PRÓLOGO
22 de diciembre de 1989
Aquello que hay en mí, que no soy yo, y que busco.
Aquello que hay en mí, y que a veces pienso que también soy yo, y no encuentro.
Aquello que aparece porque sí, brilla un instante y luego
se va por años
y años.
Aquello que yo también olvido.
Aquello
próximo al amor, que no es exactamente amor;
que podría confundirse con la libertad,
con la verdad
con la absoluta identidad del ser
—y que no puede, sin embargo, ser contenido en palabras pensado en conceptos
no puede ser siquiera recordado como es.
Es lo que es, y no es mío, y a veces está en mí
(muy pocas veces); y cuando está,
se acuerda de sí mismo
lo recuerdo y lo pienso y lo conozco.
Es inútil buscarlo; cuanto más se le busca
más remoto parece, más se esconde.
Es preciso olvidarlo por completo,
llegar casi al suicidio
(porque sin ello la vida no vale)
(porque los que no conocieron aquello creen que la vida no vale)
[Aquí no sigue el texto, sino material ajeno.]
(* Consider algorithm TRIEST-BASE (described in the context) run with integer parameter $M\ge 6$ on an insertion-only edge stream. For every time $t$: if $t\le M$ then $\xi^{(t)}\tau^{(t)}=\tau^{(t)}=|\Delta^{(t)}|$, and if $t>M$ then $\mathbb{E}\left[\xi^{(t)}\tau^{(t)}\right]=|\Delta^{(t)}|$.
   Context: An insertion-only edge stream: at each time step $t=1,2,\dots$ an edge $e_t=\{u,v\}$ between two distinct vertices arrives, which is not already present; $G^{(t)}=(V^{(t)},E^{(t)})$ with $E^{(t)}=\{e_1,\dots,e_t\}$. A triangle in $G^{(t)}$ is a set of three edges $\{\{u,v\},\{v,w\},\{w,u\}\}\subseteq E^{(t)}$ with $u,v,w$ distinct; $\Delta^{(t)}$ is the set of all triangles of $G^{(t)}$. TRIEST-BASE maintains an edge sample $\mathcal{S}$ (initially empty) by reservoir sampling with capacity $M$: at time $t$, if $t\le M$ the edge $e_t$ is inserted into $\mathcal{S}$; if $t>M$, with probability $M/t$ an edge chosen uniformly at random from $\mathcal{S}$ is removed from $\mathcal{S}$ and then $e_t$ is inserted, otherwise $\mathcal{S}$ is unchanged. It maintains a counter $\tau$ (initially $0$): immediately after an edge $\{u,v\}$ is inserted into (resp. removed from) $\mathcal{S}$, $\tau$ is increased (resp. decreased) by $|\mathcal{N}^{\mathcal{S}}_{u,v}|$, the number of vertices $c$ such that both $\{c,u\}$ and $\{c,v\}$ are in the current $\mathcal{S}$. $\tau^{(t)}$ denotes the value of $\tau$ at the end of time step $t$. For positive integers $a\le\min\{M,b\}$, $\xi_{a,b}=1$ if $b\le M$ and $\xi_{a,b}=\prod_{i=0}^{a-1}\frac{b-i}{M-i}$ otherwise; $\xi^{(t)}=\xi_{3,t}$. The algorithm's estimate of $|\Delta^{(t)}|$ is $\xi^{(t)}\tau^{(t)}$. *)

theory Defs
  imports "HOL-Probability.Probability"
begin

text \<open>Edges are 2-element vertex sets. A stream is a function es :: nat => 'a set;
  es t is the edge arriving at time t (t = 1,2,...).\<close>

definition edges_upto :: "(nat \<Rightarrow> 'a set) \<Rightarrow> nat \<Rightarrow> 'a set set" where
  "edges_upto es t = es ` {1..t}"

definition triangles :: "'a set set \<Rightarrow> 'a set set set" where
  "triangles E = {T. \<exists>u v w. u \<noteq> v \<and> v \<noteq> w \<and> w \<noteq> u \<and>
                     T = {{u,v},{v,w},{w,u}} \<and> T \<subseteq> E}"

definition nbr_count :: "'a set set \<Rightarrow> 'a set \<Rightarrow> int" where
  "nbr_count S e = int (card {c. \<exists>u v. e = {u,v} \<and> u \<noteq> v \<and> {c,u} \<in> S \<and> {c,v} \<in> S})"

text \<open>State: (sample S, counter tau). Insert / remove an edge, updating tau
  with the neighbourhood count in the sample right after the operation.\<close>
definition ins_edge :: "'a set \<Rightarrow> 'a set set \<times> int \<Rightarrow> 'a set set \<times> int" where
  "ins_edge e st = (let S' = insert e (fst st) in (S', snd st + nbr_count S' e))"

definition del_edge :: "'a set \<Rightarrow> 'a set set \<times> int \<Rightarrow> 'a set set \<times> int" where
  "del_edge e st = (let S' = fst st - {e} in (S', snd st - nbr_count S' e))"

definition triest_step :: "nat \<Rightarrow> nat \<Rightarrow> 'a set \<Rightarrow> 'a set set \<times> int \<Rightarrow> ('a set set \<times> int) pmf" where
  "triest_step M t e st =
     (if t \<le> M then return_pmf (ins_edge e st)
      else bind_pmf (bernoulli_pmf (real M / real t))
             (\<lambda>b. if b then map_pmf (\<lambda>f. ins_edge e (del_edge f st)) (pmf_of_set (fst st))
                  else return_pmf st))"

fun triest_base :: "nat \<Rightarrow> (nat \<Rightarrow> 'a set) \<Rightarrow> nat \<Rightarrow> ('a set set \<times> int) pmf" where
  "triest_base M es 0 = return_pmf ({}, 0)"
| "triest_base M es (Suc t) = bind_pmf (triest_base M es t) (triest_step M (Suc t) (es (Suc t)))"

definition xi :: "nat \<Rightarrow> nat \<Rightarrow> nat \<Rightarrow> real" where
  "xi M a b = (if b \<le> M then 1 else (\<Prod>i<a. (real b - real i) / (real M - real i)))"

end

theory Submission
  imports Defs
begin

text \<open>The counter always equals the number of triangles of the current sample: inserting an
  edge \<open>{u,v}\<close> creates one triangle per common neighbour of \<open>u\<close> and \<open>v\<close> in the sample,
  and removing it destroys as many. Reservoir sampling keeps the sample uniformly distributed
  over the \<open>min t M\<close>-subsets of the first \<open>t\<close> edges. A fixed triangle lies in
  \<open>C(t-3, M-3)\<close> of the \<open>C(t, M)\<close> subsets of size \<open>M\<close>, and \<open>\<xi> C(t-3, M-3) = C(t, M)\<close>,
  so linearity of expectation gives the claim.\<close>

section \<open>Triangles and common neighbours\<close>

definition edge_set :: "'a set set \<Rightarrow> bool" where
  "edge_set S \<longleftrightarrow> (\<forall>e\<in>S. card e = 2)"

definition common_nbrs :: "'a set set \<Rightarrow> 'a \<Rightarrow> 'a \<Rightarrow> 'a set" where
  "common_nbrs S u v = {c. {c,u} \<in> S \<and> {c,v} \<in> S}"

lemma edge_set_subset: "edge_set S \<Longrightarrow> T \<subseteq> S \<Longrightarrow> edge_set T"
  unfolding edge_set_def by blast

lemma edge_set_singleton_notin: "edge_set S \<Longrightarrow> {c} \<notin> S"
  unfolding edge_set_def by force

lemma finite_common_nbrs:
  assumes "edge_set S" "finite S"
  shows "finite (common_nbrs S u v)"
proof (rule finite_subset)
  show "common_nbrs S u v \<subseteq> \<Union>S" unfolding common_nbrs_def by blast
  show "finite (\<Union>S)"
    using assms by (intro finite_Union) (auto simp: edge_set_def intro: card_ge_0_finite)
qed

lemma common_nbrs_notin:
  "edge_set S \<Longrightarrow> c \<in> common_nbrs S u v \<Longrightarrow> c \<noteq> u \<and> c \<noteq> v"
  unfolding common_nbrs_def using edge_set_singleton_notin by fastforce

lemma common_nbrs_insert_self:
  assumes "edge_set S" "u \<noteq> v"
  shows "common_nbrs (insert {u,v} S) u v = common_nbrs S u v"
  using assms edge_set_singleton_notin[OF assms(1)]
  by (auto simp: common_nbrs_def doubleton_eq_iff)

lemma nbr_count_doubleton:
  assumes "u \<noteq> v"
  shows "nbr_count S {u,v} = int (card (common_nbrs S u v))"
  unfolding nbr_count_def common_nbrs_def
  using assms by (metis (no_types, opaque_lifting) doubleton_eq_iff insert_commute)

lemma triangleI:
  "a \<noteq> b \<Longrightarrow> b \<noteq> c \<Longrightarrow> c \<noteq> a \<Longrightarrow> {{a,b},{b,c},{c,a}} \<subseteq> E
    \<Longrightarrow> {{a,b},{b,c},{c,a}} \<in> triangles E"
  unfolding triangles_def by blast

lemma triangleE:
  assumes "T \<in> triangles E"
  obtains a b c where "a \<noteq> b" "b \<noteq> c" "c \<noteq> a" "T = {{a,b},{b,c},{c,a}}" "T \<subseteq> E"
  using assms unfolding triangles_def by blast

lemma finite_triangles: "finite E \<Longrightarrow> finite (triangles E)"
  by (rule finite_subset[of _ "Pow E"]) (auto simp: triangles_def)

lemma triangles_empty [simp]: "triangles {} = {}"
  by (auto simp: triangles_def)

lemma card_triangle: "T \<in> triangles E \<Longrightarrow> card T = 3"
  by (erule triangleE) (auto simp: doubleton_eq_iff)

lemma triangle_subset: "T \<in> triangles E \<Longrightarrow> T \<subseteq> E"
  by (erule triangleE)

lemma triangles_conv_UNIV: "triangles E = {T \<in> triangles UNIV. T \<subseteq> E}"
  unfolding triangles_def by auto

lemma triangles_subset: "S \<subseteq> E \<Longrightarrow> triangles S = {T \<in> triangles E. T \<subseteq> S}"
  using triangles_conv_UNIV[of S] triangles_conv_UNIV[of E] by blast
(por eso el mundo rechina cuando gira).
Este es mi mal, y mi razón de ser.
* * *
He visto a Dios
cruzar por la mirada de una puta
hacerme señas con las antenas de una hormiga
hacerse vino en un racimo de uvas olvidado en la parra
visitarme en un sueño con el aspecto repulsivo de una babosa gigantesca;
he visto a Dios en un rayo de sol que oblicuamente animaba
la tarde;
en el buzo violeta de mi amante después de una tormenta; en la luz roja de un semáforo
en una abeja que libaba empecinadamente de una florcita miserable, mustia y pisoteada, en la plaza Congreso;
he visto a Dios incluso en una iglesia.
11 de marzo de 1990
Soñé que era fotógrafo y andaba de un lado a otro con entusiasmo, llevando una cámara. Estaba en un lugar amplio, especie de almacén o depósito, aunque también podría ser el vestíbulo de un gran hotel, y buscaba el ángulo propicio para armar la fotografía de dos lesbianas de modo tal que, aunque una estuviera ubicada a bastante distancia de la otra, dentro del amplio local, y también a una altura diferente (tal vez subida a una escalera), yo hiciera coincidir sus labios para que sugirieran un beso. Ambas tenían los labios pintados de rojo intenso. La más próxima a la cámara estaba de perfil; la otra, en lo alto, de frente.
Más tarde me encuentro sobre un ómnibus inmenso, de dos pisos; estoy en el techo, o en un lugar descubierto en la parte superior. Voy tomando fotos, o filmando, escenas de una gran ciudad. De pronto hay una conmoción, algo que sucede a lo lejos, como olas que saltan por encima de rascacielos. Me dicen que es el fin del mundo. Yo fotografío todo ese caos, impreciso y aún distante, con regocijo, con excitación. Me despierto con taquicardia.
Vuelto a dormirme, alguien relata una historia (y yo veo el relato), o bien veo una película, aunque de algún modo estoy participando de la acción, en la que un conejo de color castaño se encuentra sepultado por la nieve y cava galerías bajo la nieve, moviéndose rápidamente de un lado a otro. Me entra la preocupación de que pueda golpearse contra algo, un árbol o una piedra, porque va a tientas; pero luego me entero de que ha aprendido a comunicarse, mediante un sistema que en el sueño se explicaba detalladamente, con una paloma que volaba por encima de su cabeza, y por encima de la nieve, y lo iba guiando en su recorrido.